THE PROBLEM
Where a line holds the word "shows", copy that line from the data below.

STORED DATA
(* Let $n, l$ be positive integers and $p$ a prime such that $p^l$ divides $n$ but $p^{l+1}$ does not divide $n$. Let $S \subseteq \mathbb{Z}_n$ with $0 \notin S$, $S=-S$, $|S| = p^l - 1$, such that the circulant graph $\mathrm{Cay}(\mathbb{Z}_n,S)$ is connected. Then $\mathrm{Cay}(\mathbb{Z}_n,S)$ admits a perfect code if and only if $s \not\equiv s' \pmod{p^l}$ for all distinct $s, s' \in S \cup \{0\}$.
   Context: $\mathbb{Z}_n$ is the additive group of integers modulo $n$; elements are identified with integers in $\{0,1,\dots,n-1\}$ (since $p^l \mid n$, congruence modulo $p^l$ is well defined on $\mathbb{Z}_n$). For an inverse-closed subset $S$ of $\mathbb{Z}_n$ not containing $0$, the circulant graph $\mathrm{Cay}(\mathbb{Z}_n,S)$ has vertex set $\mathbb{Z}_n$, with $u,v$ adjacent iff $v-u\in S$; its degree is $|S|$. A perfect code in a graph $\Gamma=(V,E)$ is a subset $C\subseteq V$ that is an independent set such that every vertex of $V\setminus C$ is adjacent to exactly one vertex of $C$. *)

theory Defs
  imports Main "HOL-Number_Theory.Cong"
begin

text \<open>Z_n is modelled by the carrier {0..<n} of natural numbers, with arithmetic mod n.\<close>

definition zn :: "nat \<Rightarrow> nat set" where
  "zn n = {0..<n}"

definition zneg :: "nat \<Rightarrow> nat \<Rightarrow> nat" where
  "zneg n x = (n - x) mod n"

definition cay_adj :: "nat \<Rightarrow> nat set \<Rightarrow> nat \<Rightarrow> nat \<Rightarrow> bool" where
  "cay_adj n S u v \<longleftrightarrow> u \<in> zn n \<and> v \<in> zn n \<and> (v + n - u) mod n \<in> S"
lemma Mp_Pp_bounded:
  assumes "price_ok T A" "price_ok T B"
  shows "\<exists>K. \<forall>t\<in>{0..T}. \<forall>y. \<bar>y\<bar> \<le> R \<longrightarrow> \<bar>Mp A B t y\<bar> \<le> K \<and> \<bar>Pp A B t y\<bar> \<le> K"
proof -
  obtain KA KB where
    KA: "\<forall>t\<in>{0..T}. \<forall>y. \<bar>y\<bar> \<le> R \<longrightarrow> \<bar>deriv (A t) y\<bar> \<le> KA" and
    KB: "\<forall>t\<in>{0..T}. \<forall>y. \<bar>y\<bar> \<le> R \<longrightarrow> \<bar>deriv (B t) y\<bar> \<le> KB"
    using assms unfolding price_ok_def by meson
  have "\<bar>Mp A B t y\<bar> \<le> KA + KB \<and> \<bar>Pp A B t y\<bar> \<le> KA + KB" if "t \<in> {0..T}" "\<bar>y\<bar> \<le> R" for t y
  proof -
    have "C2_fun (A t)" "C2_fun (B t)" using assms that unfolding price_ok_def by auto
    moreover have "\<bar>deriv (A t) y\<bar> \<le> KA" "\<bar>deriv (B t) y\<bar> \<le> KB" using KA KB that by auto
    ultimately show ?thesis by (simp add: Mp_eq_deriv Pp_eq_deriv abs_le_iff)
  qed
  then show ?thesis by blast
qed

lemma Mp_Pp_bounded_on_jumps:
  fixes \<mu> :: "real measure"
  assumes "price_ok T A" "price_ok T B" and fm: "finite_measure \<mu>"
    and atoms: "\<And>s. s \<in> S \<Longrightarrow> measure \<mu> {s} = (D s)\<^sup>2" and "S \<subseteq> {0..T}"
  obtains K where "\<And>t. t \<in> {0..T} \<Longrightarrow> \<bar>Mp A B t 0\<bar> \<le> K \<and> \<bar>Pp A B t 0\<bar> \<le> K"
    and "\<And>s. s \<in> S \<Longrightarrow> \<bar>Mp A B s (D s)\<bar> \<le> K \<and> \<bar>Pp A B s (D s)\<bar> \<le> K"
proof -
  obtain K where K: "\<forall>t\<in>{0..T}. \<forall>y. \<bar>y\<bar> \<le> sqrt (measure \<mu> (space \<mu>)) \<longrightarrow>
      \<bar>Mp A B t y\<bar> \<le> K \<and> \<bar>Pp A B t y\<bar> \<le> K"
    using Mp_Pp_bounded[OF assms(1,2)] by blast
  show ?thesis
    by (rule that[of K]) (use K abs_jump_le[where D=D, OF fm atoms] \<open>S \<subseteq> {0..T}\<close> in auto)
qed

lemma cadlag_on_Mp_Pp_zero:
  assumes "price_ok T A" "price_ok T B"
  shows "cadlag_on T (\<lambda>t. Mp A B t 0)" "cadlag_on T (\<lambda>t. Pp A B t 0)"
proof -
  have C2: "C2_fun (A t)" "C2_fun (B t)" if "t \<in> {0..T}" for t
    using assms that unfolding price_ok_def by auto
  have cA: "cadlag_on T (\<lambda>t. deriv (A t) 0)" and cB: "cadlag_on T (\<lambda>t. deriv (B t) 0)"
    using assms unfolding price_ok_def by auto
  show "cadlag_on T (\<lambda>t. Mp A B t 0)"
    by (rule cadlag_on_lincomb[OF cA cB, of _ "1/2" "1/2"])
       (simp add: Mp_eq_deriv[where A=A and B=B, OF C2])
  show "cadlag_on T (\<lambda>t. Pp A B t 0)"
    by (rule cadlag_on_lincomb[OF cA cB, of _ 1 "-1"])
       (simp add: Pp_eq_deriv[where A=A and B=B, OF C2])
qed

lemma standing_assumption_at_zero:
  assumes C2: "C2_fun (A t)" "C2_fun (B t)"
    and st: "\<forall>y. Mp A B t y > - (1/2) * sgn y * Pp A B t y"
  shows "0 \<le> Mp A B t 0 + 1/2 * sgn d * Pp A B t 0"
proof -
  let ?h = "\<lambda>y. Mp A B t y + 1/2 * sgn d * Pp A B t y"
  have "isCont ?h 0"
    by (simp add: Mp_eq_deriv[where A=A and B=B, OF C2] Pp_eq_deriv[where A=A and B=B, OF C2]
        C2_fun_isCont_deriv[OF C2(1)] C2_fun_isCont_deriv[OF C2(2)])
  then have lim: "(?h \<longlongrightarrow> ?h 0) (at_right 0)" "(?h \<longlongrightarrow> ?h 0) (at_left 0)"
    by (simp_all add: isCont_def filterlim_at_split)
  have pos: "0 \<le> ?h y" if "sgn y = sgn d" for y
    using st[rule_format, of y] that by simp
  consider "0 < d" | "d < 0" | "d = 0" by linarith
  then show ?thesis
  proof cases
    case 1
    have "\<forall>\<^sub>F y in at_right 0. 0 \<le> ?h y"
      using eventually_at_right_less[of "0::real"] by (rule eventually_mono) (intro pos, simp add: 1)
    then show ?thesis by (intro tendsto_lowerbound[OF lim(1)]) auto
  next
    case 2
    have "\<forall>\<^sub>F y in at_left 0. 0 \<le> ?h y"
    proof (rule eventually_mono[OF eventually_at_left_real[of "-1" "0::real"]])
      show "0 \<le> ?h y" if "y \<in> {-1<..<0}" for y using that 2 by (intro pos) simp
    qed simp
    then show ?thesis by (intro tendsto_lowerbound[OF lim(2)]) auto
  next
    case 3
    then show ?thesis using pos[of 0] by simp
  qed
qed
lemma segment_root_in_closed_segment: "segment_root f a b w \<in> closed_segment a b"
proof -
  let ?t = "bisection_root (\<lambda>t. f (a + t *\<^sub>R (b - a)) - w) 0 1"
  have "segment_root f a b w = (1 - ?t) *\<^sub>R a + ?t *\<^sub>R b"
    by (simp add: segment_root_def algebra_simps)
  then show ?thesis
    using bisection_root_bounds[of 0 1] by (auto simp: in_segment)
qed

lemma segment_root_value:
  fixes f :: "'a::real_normed_vector \<Rightarrow> real"
  assumes f: "continuous_on (closed_segment a b) f" and "between w (f a) (f b)"
  shows "f (segment_root f a b w) = w"
proof -
  let ?g = "\<lambda>t. f (a + t *\<^sub>R (b - a)) - w"
  have "(\<lambda>t. a + t *\<^sub>R (b - a)) ` {0..1} \<subseteq> closed_segment a b"
    by (auto simp: in_segment algebra_simps intro!: exI)
  then have "continuous_on {0..1} ?g"
    by (intro continuous_intros continuous_on_compose2[OF f]) auto
  moreover have "?g 0 * ?g 1 \<le> 0"
    using assms(2) by (simp add: between_iff_mult)
  ultimately have "?g (bisection_root ?g 0 1) = 0"
    by (intro bisection_root_zero) auto
  then show ?thesis
    by (simp add: segment_root_def)
qed

lemma measurable_segment_root [measurable]:
  fixes f :: "'a::{real_normed_vector, second_countable_topology} \<Rightarrow> real"
  assumes [measurable]: "f \<in> borel_measurable borel"
    "a \<in> borel_measurable M" "b \<in> borel_measurable M" "w \<in> borel_measurable M"
  shows "(\<lambda>x. segment_root f (a x) (b x) (w x)) \<in> borel_measurable M"
proof -
  have "(\<lambda>x. bisection_root (\<lambda>t. f (a x + t *\<^sub>R (b x - a x)) - w x) 0 1) \<in> borel_measurable M"
    by (rule measurable_bisection_root) auto
  then show ?thesis
    unfolding segment_root_def by measurable
qed

definition value_point :: "('a::real_vector \<Rightarrow> real) \<Rightarrow> 'a \<Rightarrow> 'a \<Rightarrow> real \<Rightarrow> 'a" where
  "value_point f a b w =
     (if between w (f a) (f b) then segment_root f a b w
      else if between w (f a) (f 0) then segment_root f a 0 w
      else segment_root f b 0 w)"

lemma value_point_value:
  fixes f :: "'a::real_normed_vector \<Rightarrow> real"
  assumes "continuous_on UNIV f"
    and "between w (f a) (f b) \<or> between w (f a) (f 0) \<or> between w (f b) (f 0)"
  shows "f (value_point f a b w) = w"
  using assms continuous_on_subset[OF assms(1)]
  by (auto simp: value_point_def intro!: segment_root_value)

lemma value_point_dist:
  fixes f :: "'a::real_normed_vector \<Rightarrow> real" and a b :: 'a and w :: real
  defines "e \<equiv> (if between w (f a) (f b) then 0 else norm a + norm b)"
  shows "norm (a - value_point f a b w) \<le> norm (a - b) + e"
    and "norm (b - value_point f a b w) \<le> norm (a - b) + e"
proof -
  have ab: "norm a \<le> norm (a - b) + norm b" "norm b \<le> norm (a - b) + norm a"
    using norm_triangle_sub[of a b] norm_triangle_sub[of b a] by (auto simp: norm_minus_commute)
  show "norm (a - value_point f a b w) \<le> norm (a - b) + e"
    and "norm (b - value_point f a b w) \<le> norm (a - b) + e"
    using segment_bound[OF segment_root_in_closed_segment, of f a b w]
      segment_bound[OF segment_root_in_closed_segment, of f a 0 w]
      segment_bound[OF segment_root_in_closed_segment, of f b 0 w] ab
      norm_triangle_ineq4[of b "segment_root f a 0 w"] norm_triangle_ineq4[of a "segment_root f b 0 w"]
    by (auto simp: value_point_def e_def norm_minus_commute) (smt (verit) norm_ge_zero)+
qed

lemma measurable_value_point [measurable]:
  fixes f :: "'a::{real_normed_vector, second_countable_topology} \<Rightarrow> real"
  assumes [measurable]: "f \<in> borel_measurable borel"
    "a \<in> borel_measurable M" "b \<in> borel_measurable M" "w \<in> borel_measurable M"
  shows "(\<lambda>x. value_point f (a x) (b x) (w x)) \<in> borel_measurable M"
  unfolding value_point_def between_def by measurable

definition nearest_between :: "real \<Rightarrow> real \<Rightarrow> real \<Rightarrow> real" where
  "nearest_between u v c = max (min u v) (min c (max u v))"

lemma nearest_between_lipschitz:
  "\<bar>u - u'\<bar> \<le> d \<Longrightarrow> \<bar>v - v'\<bar> \<le> d \<Longrightarrow> \<bar>c - c'\<bar> \<le> d
    \<Longrightarrow> \<bar>nearest_between u v c - nearest_between u' v' c'\<bar> \<le> d"
  unfolding nearest_between_def by (intro abs_min_diff_le abs_max_diff_le)

lemma between_nearest_between: "between (nearest_between u v c) u v"
  unfolding nearest_between_def between_def by auto

lemma between_nearest_between_level:
  "between (nearest_between u v c) u c \<and> between (nearest_between u v c) v c"
  unfolding nearest_between_def between_def by (simp add: min_def max_def)

(* u, v stand for f x, f y, y0 for f 0, c for the level and L for the truncation threshold. *)

definition target_value :: "real \<Rightarrow> real \<Rightarrow> real \<Rightarrow> real \<Rightarrow> real \<Rightarrow> real" where
  "target_value L y0 c u v =
     (let k = nearest_between u v c in if max \<bar>u\<bar> \<bar>v\<bar> \<le> L then k else nearest_between c k y0)"

lemma target_value_between_level:
  "between (target_value L y0 c u v) u c \<and> between (target_value L y0 c u v) v c"
  using between_nearest_between_level[of u v c] between_nearest_between[of c "nearest_between u v c" y0]
  unfolding target_value_def Let_def by (auto intro: between_subinterval)

lemma target_value_between_small:
  "max \<bar>u\<bar> \<bar>v\<bar> \<le> L \<Longrightarrow> between (target_value L y0 c u v) u v"
  unfolding target_value_def by (simp add: between_nearest_between)

lemma target_value_in_hull:
  "between (target_value L y0 c u v) u v \<or> between (target_value L y0 c u v) u y0
    \<or> between (target_value L y0 c u v) v y0"
  unfolding target_value_def nearest_between_def between_def Let_def by (smt (verit) min_def max_def)

lemma abs_target_value_le:
  assumes "0 \<le> L"
  shows "\<bar>target_value L y0 c u v\<bar> \<le> \<bar>c\<bar> + L + \<bar>y0\<bar>"
proof (cases "max \<bar>u\<bar> \<bar>v\<bar> \<le> L")
  case True
  then show ?thesis
    using between_abs_le_max[OF between_nearest_between, of u v c] assms
    by (simp add: target_value_def del: max.bounded_iff) linarith
next
  case False
  then show ?thesis
    using between_abs_le_max[OF conjunct1[OF between_nearest_between_level], of c "nearest_between u v c" y0]
      assms
    by (simp add: target_value_def Let_def del: max.bounded_iff) linarith
qed

lemma target_value_le_level: "0 \<le> L \<Longrightarrow> L + \<bar>y0\<bar> \<le> c \<Longrightarrow> target_value L y0 c u v \<le> c"
  unfolding target_value_def nearest_between_def by (auto simp: Let_def min_def max_def)

lemma target_value_ge_level: "0 \<le> L \<Longrightarrow> c \<le> - (L + \<bar>y0\<bar>) \<Longrightarrow> c \<le> target_value L y0 c u v"
  unfolding target_value_def nearest_between_def by (auto simp: Let_def min_def max_def)

lemma target_value_lipschitz: "\<bar>target_value L y0 c u v - target_value L y0 c' u v\<bar> \<le> \<bar>c - c'\<bar>"
proof -
  have "\<bar>nearest_between u v c - nearest_between u v c'\<bar> \<le> \<bar>c - c'\<bar>"
    by (rule nearest_between_lipschitz) auto
  then show ?thesis
    unfolding target_value_def Let_def by (auto intro: nearest_between_lipschitz)
qed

ANSWER
  shows "\<exists>K. \<forall>t\<in>{0..T}. \<forall>y. \<bar>y\<bar> \<le> R \<longrightarrow> \<bar>Mp A B t y\<bar> \<le> K \<and> \<bar>Pp A B t y\<bar> \<le> K"
  shows "cadlag_on T (\<lambda>t. Mp A B t 0)" "cadlag_on T (\<lambda>t. Pp A B t 0)"
  shows "0 \<le> Mp A B t 0 + 1/2 * sgn d * Pp A B t 0"
  shows "f (segment_root f a b w) = w"
  shows "(\<lambda>x. segment_root f (a x) (b x) (w x)) \<in> borel_measurable M"
  shows "f (value_point f a b w) = w"
  shows "norm (a - value_point f a b w) \<le> norm (a - b) + e"
  shows "(\<lambda>x. value_point f (a x) (b x) (w x)) \<in> borel_measurable M"
  shows "\<bar>target_value L y0 c u v\<bar> \<le> \<bar>c\<bar> + L + \<bar>y0\<bar>"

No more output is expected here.